A spokesperson for the Omega Research Foundation said: “As we understand it the numbers on the bottom right [of the canister] refer to the date of manufacture, and previous company information has stated that the N225 has a 3 year ‘shelf life’, therefore this grenade should not have been used after September 2015.”

Courtesy of Phil Miller, Declassified UK

“Chemical irritants should always be stored according to the manufacturer’s instructions and used prior to the date of expiration.

“To date, there has been very little research published on the effects of expired tear gas, and there is currently no evidence to suggest that tear gas which has expired is more toxic.

“Nevertheless, there is a risk that the propellant in expired tear cartridges may have degraded, making them unstable.

“This degradation may lead to premature ignition, incomplete ignition, or explosion, which can be dangerous for the user as well as the target. The degradation of the propellant may also lead to a reduction in accuracy, which may increase the likelihood of injuries.

“Expired equipment should not be in use. It should be taken out of circulation and destroyed according to environmental protocols for waste disposal.”

The manufacturer did not respond to a request for comment from Redaction Report.

Following the publication of these images, the CAAT has called for an investigation into the use of UK-made tear gas in Oman.

Andrew Smith of CAAT said: “When arms dealing governments like the UK sell weapons it makes them complicit in how they are used. For decades now the UK has armed and supported the Omani regime, selling billions of pounds worth of arms underpinned by an uncritical political support.

“In recent days, those weapons have been used, with a terrible effect. 

There must be a full investigation into what weapons have been used and an end to the policies that have allowed them in the first place.

“These sales are not just numbers, they have the potential to be used in repression and abuses for years to come.
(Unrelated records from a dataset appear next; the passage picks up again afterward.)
(* Let $A,B\in\mathbb{C}^{n\times n}$ be sectorial. Then $I+AB$ is invertible if there exists $\theta\in[0,\pi)\cap\Psi(A)$ such that $$\gamma_\theta(A)\,\bar\sigma(B)<1\quad\text{and}\quad\Psi(B)\subset(-\pi+\theta,\ \pi-\theta).$$
   Context: $\bar\sigma$: largest singular value. $A$ is sectorial if $0\notin\{x^*Ax:\|x\|=1\}$; then $A=T^*DT$, $T$ nonsingular, $D$ diagonal unitary, and the phases $\bar\phi(A)\ge\dots\ge\underline\phi(A)$ are the arguments of the diagonal entries of $D$ with $\bar\phi-\underline\phi<\pi$ and $(\bar\phi+\underline\phi)/2\in(-\pi,\pi]$; $\Psi(A)=[\underline\phi(A),\bar\phi(A)]$. $\mathcal{DW}(A)=\{(\mathrm{Re}\,x^*Ax,\mathrm{Im}\,x^*Ax,\|Ax\|^2):\|x\|=1\}$. For sectorial $A$ and $\theta\in[0,\pi)\cap\Psi(A)$: $\mathcal{R}_{\ge\theta}(A)=\{h\ge0:\exists z\in\mathbb{C},\ \angle z\notin(-\theta,\theta),\ (\mathrm{Re}\,z,\mathrm{Im}\,z,h^2)\in\mathcal{DW}(A)\}$ ($\angle z\in(-\pi,\pi]$) and $\gamma_\theta(A)=\max\mathcal{R}_{\ge\theta}(A)$. *)

theory Defs
  imports "HOL-Analysis.Analysis"
begin

type_synonym 'n cmat = "complex^'n^'n"

definition cadj :: "'n::finite cmat \<Rightarrow> 'n cmat" where
  "cadj T = (\<chi> i j. cnj (T $ j $ i))"

definition cdiag :: "('n::finite \<Rightarrow> complex) \<Rightarrow> 'n cmat" where
  "cdiag d = (\<chi> i j. if i = j then d i else 0)"

definition cinner :: "complex^'n::finite \<Rightarrow> complex^'n \<Rightarrow> complex" where
  "cinner x y = (\<Sum>i\<in>UNIV. cnj (x $ i) * y $ i)"

definition num_range :: "'n::finite cmat \<Rightarrow> complex set" where
  "num_range A = {cinner x (A *v x) | x. norm x = 1}"

definition sectorial :: "'n::finite cmat \<Rightarrow> bool" where
  "sectorial A \<longleftrightarrow> 0 \<notin> num_range A"

text \<open>Largest singular value = spectral (operator 2-) norm.\<close>
definition sigma_max :: "'n::finite cmat \<Rightarrow> real" where
  "sigma_max B = onorm (\<lambda>x. B *v x)"

definition sect_decomp_phases :: "'n::finite cmat \<Rightarrow> real \<Rightarrow> real \<Rightarrow> bool" where
  "sect_decomp_phases A lo hi \<longleftrightarrow>
     (\<exists>T (phi :: 'n \<Rightarrow> real).
        invertible T \<and> A = cadj T ** cdiag (\<lambda>k. cis (phi k)) ** T \<and>
        hi = Max (range phi) \<and> lo = Min (range phi) \<and>
        hi - lo < pi \<and> -pi < (hi + lo) / 2 \<and> (hi + lo) / 2 \<le> pi)"

definition phase_max :: "'n::finite cmat \<Rightarrow> real" where
  "phase_max A = snd (SOME p. sect_decomp_phases A (fst p) (snd p))"

definition phase_min :: "'n::finite cmat \<Rightarrow> real" where
  "phase_min A = fst (SOME p. sect_decomp_phases A (fst p) (snd p))"

definition Psi :: "'n::finite cmat \<Rightarrow> real set" where
  "Psi A = {phase_min A .. phase_max A}"

definition DW :: "'n::finite cmat \<Rightarrow> (real \<times> real \<times> real) set" where
  "DW A = {(Re (cinner x (A *v x)), Im (cinner x (A *v x)), (norm (A *v x))^2) | x. norm x = 1}"

definition R_ge :: "real \<Rightarrow> 'n::finite cmat \<Rightarrow> real set" where
  "R_ge \<theta> A = {h. h \<ge> 0 \<and> (\<exists>z. Arg z \<notin> {-\<theta><..<\<theta>} \<and> (Re z, Im z, h^2) \<in> DW A)}"

text \<open>gamma_theta(A) = max R_ge theta A (the set is compact, so its sup is its max).\<close>
definition gamma :: "real \<Rightarrow> 'n::finite cmat \<Rightarrow> real" where
  "gamma \<theta> A = Sup (R_ge \<theta> A)"

end

theory Submission
  imports Defs
begin

text \<open>Suppose \<open>(I + AB) x = 0\<close> with \<open>x \<noteq> 0\<close>, scaled so that \<open>y = Bx\<close> is a unit vector; then
  \<open>Ay = -x\<close> and \<open>x* B x = - cnj (y* A y)\<close>. If the argument of \<open>z = y* A y\<close> lies outside
  \<open>(-\<theta>, \<theta>)\<close>, then \<open>|x| = |Ay| \<le> \<gamma>\<^sub>\<theta>(A)\<close>, whence \<open>1 = |Bx| \<le> \<sigma>(B) \<gamma>\<^sub>\<theta>(A) < 1\<close>. Otherwise
  \<open>- cnj z\<close> has argument in \<open>(\<pi> - \<theta>, \<pi> + \<theta>)\<close>, whereas for \<open>B = T* D T\<close> the value
  \<open>x* B x = \<Sum>\<^sub>k |(Tx)\<^sub>k|\<^sup>2 D\<^sub>k\<^sub>k\<close> is a nonnegative combination of unit vectors whose phases lie in
  \<open>\<Psi>(B) \<subseteq> (-\<pi> + \<theta>, \<pi> - \<theta>)\<close>, so its argument lies there as well: a contradiction.

  As the phases are defined by choice, the sectorial decomposition has to be constructed. By
  the Toeplitz--Hausdorff theorem and separation from \<open>0\<close>, a rotation \<open>\<mu>B\<close> of a sectorial
  matrix has positive definite Hermitian part. Such a matrix \<open>G\<close> is congruent to a diagonal
  one: choose the columns one by one, each maximising \<open>Im q / Re q\<close> (\<open>q\<close> the quadratic form
  of \<open>G\<close>) on the \<open>Re\<close>-orthogonal complement of the previous ones. Rescaling the diagonal to
  unit modulus gives \<open>B = T* D T\<close>.\<close>

section \<open>Sesquilinear forms, adjoints and diagonal matrices\<close>

abbreviation qform :: "'n::finite cmat \<Rightarrow> complex^'n \<Rightarrow> complex" where
  "qform M x \<equiv> cinner x (M *v x)"

lemma scaleR_eq_smult_of_real: "r *\<^sub>R (x::complex^'n::finite) = of_real r *s x"
  unfolding vec_eq_iff vector_scaleR_component by (simp add: scaleR_conv_of_real)

lemma cinner_add_right: "cinner x (y + z) = cinner x y + cinner x z"
  by (simp add: cinner_def distrib_left sum.distrib)

lemma cinner_add_left: "cinner (x + y) z = cinner x z + cinner y z"
  by (simp add: cinner_def distrib_right sum.distrib)

lemma cinner_diff_right: "cinner x (y - z) = cinner x y - cinner x z"
  by (simp add: cinner_def right_diff_distrib sum_subtractf)

lemma cinner_minus_left: "cinner (- x) y = - cinner x y"
  by (simp add: cinner_def sum_negf)

lemma cinner_smult_right: "cinner x (c *s y) = c * cinner x y"
  by (simp add: cinner_def sum_distrib_left algebra_simps)

lemma cinner_smult_left: "cinner (c *s x) y = cnj c * cinner x y"
  by (simp add: cinner_def sum_distrib_left algebra_simps)

lemma cinner_scaleR_right: "cinner x (r *\<^sub>R y) = of_real r * cinner x y"
  by (simp add: scaleR_eq_smult_of_real cinner_smult_right)

lemma cinner_scaleR_left: "cinner (r *\<^sub>R x) y = of_real r * cinner x y"
  by (simp add: scaleR_eq_smult_of_real cinner_smult_left)

lemma cnj_cinner: "cnj (cinner x y) = cinner y x"
  by (simp add: cinner_def mult.commute)

lemma cinner_self: "cinner x x = of_real ((norm x)\<^sup>2)"
proof -
  have "(norm x)\<^sup>2 = (\<Sum>i\<in>UNIV. (norm (x$i))\<^sup>2)"
    by (simp add: norm_vec_def L2_set_def sum_nonneg)
  then have "of_real ((norm x)\<^sup>2) = (\<Sum>i\<in>UNIV. of_real ((norm (x$i))\<^sup>2) :: complex)"
    by simp
  also have "\<dots> = cinner x x"
    unfolding cinner_def
    by (rule sum.cong) (auto simp: complex_norm_square mult.commute simp del: of_real_power)
  finally show ?thesis by simp
qed

lemma cinner_cadj: "cinner x (M *v y) = cinner (cadj M *v x) y"
proof -
  have "cinner x (M *v y) = (\<Sum>i\<in>UNIV. \<Sum>j\<in>UNIV. cnj (x$i) * M$i$j * y$j)"
    unfolding cinner_def matrix_vector_mult_def by (simp add: sum_distrib_left mult.assoc)
  also have "\<dots> = (\<Sum>j\<in>UNIV. \<Sum>i\<in>UNIV. cnj (x$i) * M$i$j * y$j)"
    by (rule sum.swap)
  also have "\<dots> = cinner (cadj M *v x) y"
    unfolding cinner_def matrix_vector_mult_def cadj_def
    by (simp add: sum_distrib_right sum_distrib_left cnj_sum mult_ac)
  finally show ?thesis .
qed

lemma continuous_on_qform [continuous_intros]: "continuous_on S (qform M)"
  unfolding cinner_def by (intro continuous_intros)

lemma matrix_vector_mult_smult: "M *v (c *s x) = c *s (M *v (x::complex^'n::finite))"
  by (simp add: vec_eq_iff matrix_vector_mult_def sum_distrib_left algebra_simps)

lemma matrix_vector_mult_scaleR_complex: "M *v (r *\<^sub>R x) = r *\<^sub>R (M *v (x::complex^'n::finite))"
  by (simp add: scaleR_eq_smult_of_real matrix_vector_mult_smult)

lemma norm_smult_unimodular:
  assumes "cmod \<omega> = 1" shows "norm (\<omega> *s (y::complex^'n::finite)) = norm y"
proof -
  have "of_real ((norm (\<omega> *s y))\<^sup>2) = (of_real ((norm y)\<^sup>2) :: complex)"
    unfolding cinner_self[symmetric] cinner_smult_left cinner_smult_right
    using assms by (simp add: mult.assoc[symmetric] complex_norm_square[symmetric] mult.commute)
  then have "(norm (\<omega> *s y))\<^sup>2 = (norm y)\<^sup>2"
    using of_real_eq_iff by blast
  then show ?thesis by (simp add: power2_eq_iff_nonneg)
qed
It’s long past time for Boris Johnson and his colleagues to put human rights ahead of arms company profits.”

The British government made no attempt to deny the sale of tear gas to the Omani regime.

A spokesperson said: “We consider all our export applications thoroughly against a strict risk assessment framework and keep all licences under careful and continual review as standard.

“This, of course, applies to our exports to Oman. The UK takes its export control responsibilities seriously and operates one of the most robust and transparent export control regimes in the world.

“We rigorously examine each export licence application on a case-by-case basis against the Consolidated EU and National Arms Export Licensing Criteria.”

The British state has a history of dealing deadly tear gas, starting from the 1960s, when they issued export licenses which permitted the sale of tear gas to over 60 countries.

The UK’s profit from these export sales between 1962 and 1964 was roughly £6m, and came from trade with Hong Kong, Indonesia, Kenya, Malaysia, Nigeria, Portugal, Rhodesia and Singapore.

In 2011, British-made tear gas cannisters were found during the pro-democracy protests in Egypt, having been used against protesters by the Egyptian security forces. At around the same time the UK government also licensed the sale of crowd control equipment to Bahrain and Libya, countries who were also experiencing peaceful protests.

In 2014, police in Hong Kong used UK-made tear gas against pro-democracy protesters, following which the UK government stated it would monitor future sales more closely. However, after only a year, the same equipment was again being exported to Hong Kong.

Minsters permitted two open licenses, approved in 2015 and 2016, which allow an unlimited amount of equipment to be sold for five years, meaning that the export of crowd control weapons can continue into this year.

Yet more UK-produced tear gas was found in Greece in 2020, used on refugees who were campaigning to leave Lesbos after a fire destroyed their camp.

Last year during the Black Lives Matter protests, Labour urged the government to ban all crowd control exports to the US, amid concerns that police were using them against protesters.